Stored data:
text \<open>
  For the monomial ideal E spanned by the monomials with exponents in M, the pair (J, E) is
  G-nice exactly when every leading exponent of J + E is a multiple of a leading exponent of J
  or of an element of M. Under this condition every nonzero f in J + E has a standard
  representation f = j + e in which no exponent of j or e exceeds the leading exponent of f:
  cancel the leading term of f by an element of J or of E and recurse, the order being
  well-founded.

  Now let E be the sum of the E_i and suppose the leading exponent t of some f in J + E is a
  multiple neither of a leading exponent of J nor of a generator of E. Among the j in J with
  f - j in E choose one whose leading exponent s is minimal. Then s \<noteq> t, and comparing f = j +
  (f - j) puts s into some E_i. The standard representation for (J, E_i) of j minus its leading
  term yields j' in J with j - j' in E_i and leading exponent below s, contradicting minimality.
\<close>

section \<open>Ideals\<close>

lemma ideal_gen_is_ideal: "is_ideal (ideal_gen G)"
  unfolding ideal_gen_def is_ideal_def by auto

lemma ideal_gen_superset: "G \<subseteq> ideal_gen G"
  unfolding ideal_gen_def by auto

lemma ideal_gen_least: "is_ideal I \<Longrightarrow> G \<subseteq> I \<Longrightarrow> ideal_gen G \<subseteq> I"
  unfolding ideal_gen_def by auto

lemma ideal_add: "is_ideal I \<Longrightarrow> x \<in> I \<Longrightarrow> y \<in> I \<Longrightarrow> x + y \<in> I"
  unfolding is_ideal_def by auto

lemma ideal_mult: "is_ideal I \<Longrightarrow> x \<in> I \<Longrightarrow> r * x \<in> I"
  unfolding is_ideal_def by auto

lemma ideal_zero: "is_ideal I \<Longrightarrow> 0 \<in> I"
  unfolding is_ideal_def by auto

lemma ideal_diff: "is_ideal I \<Longrightarrow> x \<in> I \<Longrightarrow> y \<in> I \<Longrightarrow> x - y \<in> I"
  using ideal_add[of I x "- 1 * y"] ideal_mult[of I y "- 1"] by simp

lemma ideal_sum_eq:
  assumes I: "is_ideal I" and J: "is_ideal J"
  shows "ideal_sum I J = {a + b | a b. a \<in> I \<and> b \<in> J}"
proof
  let ?S = "{a + b | a b. a \<in> I \<and> b \<in> J}"
  have "is_ideal ?S"
    unfolding is_ideal_def
  proof (intro conjI ballI allI)
    have "(0::'a) = 0 + 0" by simp
    then show "0 \<in> ?S" using I J ideal_zero by blast
  next
    fix x y assume "x \<in> ?S" "y \<in> ?S"
    then obtain a b a' b' where "x = a + b" "y = a' + b'" "a \<in> I" "b \<in> J" "a' \<in> I" "b' \<in> J"
      by blast
    moreover have "x + y = (a + a') + (b + b')" using \<open>x = a + b\<close> \<open>y = a' + b'\<close> by simp
    ultimately show "x + y \<in> ?S" using I J ideal_add by blast
  next
    fix r x assume "x \<in> ?S"
    then obtain a b where "x = a + b" "a \<in> I" "b \<in> J" by blast
    moreover have "r * x = r * a + r * b" using \<open>x = a + b\<close> by (simp add: distrib_left)
    ultimately show "r * x \<in> ?S" using I J ideal_mult by blast
  qed
  moreover have "I \<union> J \<subseteq> ?S"
  proof
    fix x assume "x \<in> I \<union> J"
    moreover have "x = x + 0" "x = 0 + x" by simp_all
    ultimately show "x \<in> ?S" using I J ideal_zero by blast
  qed
  ultimately show "ideal_sum I J \<subseteq> ?S"
    unfolding ideal_sum_def by (rule ideal_gen_least)
  show "?S \<subseteq> ideal_sum I J"
  proof (rule subsetI, elim CollectE exE conjE)
    fix x a b assume "x = a + b" "a \<in> I" "b \<in> J"
    then have "a \<in> ideal_gen (I \<union> J)" "b \<in> ideal_gen (I \<union> J)"
      using ideal_gen_superset by blast+
    then show "x \<in> ideal_sum I J"
      unfolding ideal_sum_def \<open>x = a + b\<close> by (rule ideal_add[OF ideal_gen_is_ideal])
  qed
qed
(* Let $N$ be the coarse-grained compartment model whose internal chemistry is the one-species network $0\to S$ (rate constant $\kappa_b\ge0$), $S\to0$ (rate constant $\kappa_d\ge0$), with compartment parameters $\kappa_I,\kappa_E,\kappa_F,\kappa_C\ge0$, arbitrary inflow distribution $\mu$ on $\mathbb Z_{\ge0}$ (not necessarily with finite mean), and arbitrary fragmentation kernel $\psi$. For every choice of these parameters, $N$ is not explosive.
   Context: The state space of $N$ is $\mathcal N=\{n:\mathbb Z_{\ge0}\to\mathbb Z_{\ge0}\text{ with finite support}\}$, where $n_x$ is the number of compartments containing exactly $x$ molecules of $S$; $e_x$ is the indicator of $x$. The fragmentation kernel $\psi:\mathbb Z_{\ge0}^2\to[0,1]$ satisfies $\psi(x,y)=0$ for $y>x$ and $y\mapsto\psi(x,y)$ is a probability measure for each $x$. $N$ is the continuous-time Markov chain on $\mathcal N$ with generator $\mathcal LV(n)=\sum_{x=0}^\infty\Big[\kappa_bn_x\big(V(n-e_x+e_{x+1})-V(n)\big)+\kappa_dn_xx\big(V(n-e_x+e_{x-1})-V(n)\big)+\kappa_I\mu(x)\big(V(n+e_x)-V(n)\big)+\kappa_En_x\big(V(n-e_x)-V(n)\big)+\kappa_Fxn_x\sum_{y=0}^\infty\psi(x,y)\big(V(n-e_x+e_y+e_{x-y})-V(n)\big)+\kappa_C\binom{n_x}2\big(V(n-2e_x+e_{2x})-V(n)\big)+\sum_{y\ne x}\kappa_C\frac{n_xn_y}2\big(V(n-e_x-e_y+e_{x+y})-V(n)\big)\Big]$. (Each compartment independently gains an $S$ at rate $\kappa_b$ and loses each $S$ at rate $\kappa_d$; new compartments arrive at rate $\kappa_I$ with content distributed as $\mu$; each compartment exits at rate $\kappa_E$; a compartment with $x$ molecules fragments at rate $\kappa_Fx$ into daughters with $y$ and $x-y$ molecules, $y\sim\psi(x,\cdot)$; each pair of compartments coagulates at rate $\kappa_C$.) A continuous-time Markov chain is explosive if from some initial state it makes infinitely many jumps in finite time with positive probability, and non-explosive otherwise. *)

theory Defs
  imports "HOL-Probability.Probability"
begin

text \<open>A chain on state type 's is specified by a countable family of events of type 'e:
  event e fires in state s at rate r e s \<ge> 0 and moves the chain to tgt e s.
  The generator is  L V s = sum_e r e s (V (tgt e s) - V s).  Terms with tgt e s = s
  contribute nothing to the generator and are discarded.\<close>

definition trans_rate :: "('e \<Rightarrow> 's \<Rightarrow> real) \<Rightarrow> ('e \<Rightarrow> 's \<Rightarrow> 's) \<Rightarrow> 's \<Rightarrow> 's \<Rightarrow> real" where
  "trans_rate r tgt s s' = (if s' = s then 0 else infsum (\<lambda>e. r e s) {e. tgt e s = s'})"
lemma mono_edges_flip_close:
  assumes "simple_graph V E" "\<sigma> \<in> spins V"
  shows "\<bar>int (mono_edges E (flip v \<sigma>)) - int (mono_edges E \<sigma>)\<bar> \<le> card (incident_edges E v)"
proof -
  have "card (monochromatic_edges E \<sigma> \<inter> incident_edges E v) \<le> card (incident_edges E v)"
    using simple_graph_finite_edges[OF assms(1)]
    by (intro card_mono) (auto simp: incident_edges_def)
  then show ?thesis using mono_edges_flip[OF assms, of v] by linarith
qed

lemma incident_edges_Int:
  assumes "simple_graph V E" "{u, v} \<in> E"
  shows "incident_edges E u \<inter> incident_edges E v = {{u, v}}"
proof -
  have "card {u, v} = 2" using assms unfolding simple_graph_def by blast
  then have "u \<noteq> v" by auto
  have "e = {u, v}" if e: "e \<in> E" and "u \<in> e" "v \<in> e" for e
  proof -
    obtain x y where "e = {x, y}" using assms(1) e by (blast elim: simple_graph_edgeE)
    then show ?thesis using \<open>u \<in> e\<close> \<open>v \<in> e\<close> \<open>u \<noteq> v\<close> by auto
  qed
  then show ?thesis using assms(2) unfolding incident_edges_def by blast
qed

lemma card_monochromatic_incident_flip_neighbour:
  assumes "simple_graph V E" "{u, v} \<in> E" "\<sigma> \<in> spins V"
  shows "card (monochromatic_edges E (flip u \<sigma>) \<inter> incident_edges E v)
    \<noteq> card (monochromatic_edges E \<sigma> \<inter> incident_edges E v)"
proof -
  let ?A = "monochromatic_edges E \<sigma> \<inter> incident_edges E v"
  have "monochromatic_edges E (flip u \<sigma>) \<inter> incident_edges E v = sym_diff ?A {{u, v}}"
    unfolding monochromatic_edges_flip[OF assms(1,3)] incident_edges_Int[OF assms(1,2), symmetric]
    by blast
  moreover have "finite ?A"
    using simple_graph_finite_edges[OF assms(1)] by (simp add: incident_edges_def)
  ultimately have "int (card (monochromatic_edges E (flip u \<sigma>) \<inter> incident_edges E v))
      = int (card ?A) + 1 - 2 * int (card (?A \<inter> {{u, v}}))"
    using card_symmetric_difference[of ?A "{{u, v}}"] by simp
  then show ?thesis by presburger
qed

lemma mono_edges_flip_square:
  assumes "simple_graph V E" "{u, v} \<in> E" "\<sigma> \<in> spins V"
  shows "mono_edges E (flip v \<sigma>) \<noteq> mono_edges E \<sigma>
    \<or> mono_edges E (flip v (flip u \<sigma>)) \<noteq> mono_edges E (flip u \<sigma>)"
proof -
  have "u \<in> V" using assms(1,2) unfolding simple_graph_def by blast
  then have "flip u \<sigma> \<in> spins V" using assms(3) by (rule flip_in_spins[rotated])
  then show ?thesis
    using mono_edges_flip[OF assms(1,3), of v] mono_edges_flip[OF assms(1), of "flip u \<sigma>" v]
      card_monochromatic_incident_flip_neighbour[OF assms] by linarith
qed

lemma power_le_max_inverse_power:
  fixes b :: real
  assumes "b > 0" "a \<le> c + k" "c \<le> a + k"
  shows "b ^ a \<le> max b (1 / b) ^ k * b ^ c"
proof (cases "b \<ge> 1")
  case True
  have "b ^ a \<le> b ^ (c + k)" using True assms(2) by (intro power_increasing)
  also have "\<dots> \<le> max b (1 / b) ^ k * b ^ c"
    using assms(1) by (simp add: power_add mult.commute mult_right_mono power_mono)
  finally show ?thesis .
next
  case False
  have "b ^ a * b ^ k = b ^ (a + k)" by (simp add: power_add)
  also have "\<dots> \<le> b ^ c" using False assms(1,3) by (intro power_decreasing) auto
  finally have "b ^ a \<le> (1 / b) ^ k * b ^ c" using assms(1) by (simp add: field_simps power_divide)
  also have "\<dots> \<le> max b (1 / b) ^ k * b ^ c"
    using assms(1) by (intro mult_right_mono power_mono) auto
  finally show ?thesis .
qed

■ Task instructions: Copy out each line of the data in which the word "elim" appears.

■ Exercise result:
  proof (rule subsetI, elim CollectE exE conjE)
    obtain x y where "e = {x, y}" using assms(1) e by (blast elim: simple_graph_edgeE)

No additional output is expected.